[Data entries]
(* Let $H$ be a finite-dimensional Hopf algebra over a field $k$, $R\subseteq H$ a Hopf subalgebra, and let $I$ be the maximal Hopf ideal of $H$ contained in $R^+H$. If $K$ is the maximal normal Hopf subalgebra of $H$ contained in $R$, then $HK^+\subseteq I$. Conversely, if $I=HK^+$ for some Hopf subalgebra $K$ with $K\subseteq R\subseteq H$, then $K$ is normal in $H$.
   Context: For a Hopf subalgebra $C$, $C^+=\ker\varepsilon\cap C$. A Hopf ideal is a two-sided ideal $J$ which is a coideal ($\Delta(J)\subseteq J\otimes H+H\otimes J$, $\varepsilon(J)=0$) and stable under the antipode. A Hopf subalgebra $K$ of the finite-dimensional Hopf algebra $H$ is normal if $HK^+=K^+H$. *)

theory Defs
  imports Complex_Main
begin

text \<open>
  A finite-dimensional Hopf algebra over a field 'k is modelled on a type 'h
  (the whole of H is UNIV :: 'h set).  The ring structure of 'h (class ring_1)
  is the multiplication and unit of H; scale is the k-vector space structure.
  Elements of the tensor powers of H are represented by finite formal sums
  (lists of pairs / triples), and two such formal sums are identified iff
  they agree under pairing with all k-linear functionals on H; this is the
  standard (injective) embedding of H (x) H into Bil(H*, H*), so this realizes
  the tensor product H (x) H (resp. H (x) H (x) H) faithfully.
\<close>

definition lfun :: "('k::field \<Rightarrow> 'h::ring_1 \<Rightarrow> 'h) \<Rightarrow> ('h \<Rightarrow> 'k) \<Rightarrow> bool" where
  "lfun scale f \<longleftrightarrow> Vector_Spaces.linear scale (*) f"

definition tpair :: "('h \<Rightarrow> 'k::field) \<Rightarrow> ('h \<Rightarrow> 'k) \<Rightarrow> ('h \<times> 'h) list \<Rightarrow> 'k" where
  "tpair f g xs = (\<Sum>(a, b) \<leftarrow> xs. f a * g b)"

definition tpair3 :: "('h \<Rightarrow> 'k::field) \<Rightarrow> ('h \<Rightarrow> 'k) \<Rightarrow> ('h \<Rightarrow> 'k)
    \<Rightarrow> ('h \<times> 'h \<times> 'h) list \<Rightarrow> 'k" where
  "tpair3 f g h xs = (\<Sum>(a, b, c) \<leftarrow> xs. f a * g b * h c)"

definition teq :: "('k::field \<Rightarrow> 'h::ring_1 \<Rightarrow> 'h) \<Rightarrow> ('h \<times> 'h) list \<Rightarrow> ('h \<times> 'h) list \<Rightarrow> bool" where
  "teq scale xs ys \<longleftrightarrow> (\<forall>f g. lfun scale f \<and> lfun scale g \<longrightarrow> tpair f g xs = tpair f g ys)"

definition teq3 :: "('k::field \<Rightarrow> 'h::ring_1 \<Rightarrow> 'h) \<Rightarrow> ('h \<times> 'h \<times> 'h) list
    \<Rightarrow> ('h \<times> 'h \<times> 'h) list \<Rightarrow> bool" where
  "teq3 scale xs ys \<longleftrightarrow> (\<forall>f g h. lfun scale f \<and> lfun scale g \<and> lfun scale h
      \<longrightarrow> tpair3 f g h xs = tpair3 f g h ys)"

definition hopf_algebra ::
  "('k::field \<Rightarrow> 'h::ring_1 \<Rightarrow> 'h) \<Rightarrow> ('h \<Rightarrow> ('h \<times> 'h) list) \<Rightarrow> ('h \<Rightarrow> 'k) \<Rightarrow> ('h \<Rightarrow> 'h) \<Rightarrow> bool"
where
  "hopf_algebra scale \<Delta> \<epsilon> S \<longleftrightarrow>
     \<comment> \<open>finite-dimensional k-algebra\<close>
     vector_space scale \<and>
     (\<exists>B. finite B \<and> module.span scale B = UNIV) \<and>
     (\<forall>c x y. scale c (x * y) = scale c x * y \<and> scale c (x * y) = x * scale c y) \<and>
     \<comment> \<open>coalgebra\<close>
     (\<forall>x y. teq scale (\<Delta> (x + y)) (\<Delta> x @ \<Delta> y)) \<and>
     (\<forall>c x. teq scale (\<Delta> (scale c x)) (map (\<lambda>(a, b). (scale c a, b)) (\<Delta> x))) \<and>
     lfun scale \<epsilon> \<and>
     (\<forall>x. teq3 scale
            (concat (map (\<lambda>(a, b). map (\<lambda>(p, q). (p, q, b)) (\<Delta> a)) (\<Delta> x)))
            (concat (map (\<lambda>(a, b). map (\<lambda>(p, q). (a, p, q)) (\<Delta> b)) (\<Delta> x)))) \<and>
     (\<forall>x. (\<Sum>(a, b) \<leftarrow> \<Delta> x. scale (\<epsilon> a) b) = x) \<and>
     (\<forall>x. (\<Sum>(a, b) \<leftarrow> \<Delta> x. scale (\<epsilon> b) a) = x) \<and>
     \<comment> \<open>bialgebra: \<Delta> and \<epsilon> are algebra maps\<close>
     (\<forall>x y. teq scale (\<Delta> (x * y))
              (concat (map (\<lambda>(a, b). map (\<lambda>(a', b'). (a * a', b * b')) (\<Delta> y)) (\<Delta> x)))) \<and>
     teq scale (\<Delta> 1) [(1, 1)] \<and>
     (\<forall>x y. \<epsilon> (x * y) = \<epsilon> x * \<epsilon> y) \<and> \<epsilon> 1 = 1 \<and>
     \<comment> \<open>antipode\<close>
     Vector_Spaces.linear scale scale S \<and>
     (\<forall>x. (\<Sum>(a, b) \<leftarrow> \<Delta> x. S a * b) = scale (\<epsilon> x) 1) \<and>
     (\<forall>x. (\<Sum>(a, b) \<leftarrow> \<Delta> x. a * S b) = scale (\<epsilon> x) 1)"

definition setprod :: "('k::field \<Rightarrow> 'h::ring_1 \<Rightarrow> 'h) \<Rightarrow> 'h set \<Rightarrow> 'h set \<Rightarrow> 'h set" where
  "setprod scale A B = module.span scale {a * b | a b. a \<in> A \<and> b \<in> B}"

definition plus_part :: "('h \<Rightarrow> 'k::field) \<Rightarrow> 'h set \<Rightarrow> 'h set" where
  "plus_part \<epsilon> C = {c \<in> C. \<epsilon> c = 0}"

### [Task goal]
Filter the entries by the string "open" and copy each matching line.

### [Response]
text \<open>
     \<comment> \<open>finite-dimensional k-algebra\<close>
     \<comment> \<open>coalgebra\<close>
     \<comment> \<open>bialgebra: \<Delta> and \<epsilon> are algebra maps\<close>
     \<comment> \<open>antipode\<close>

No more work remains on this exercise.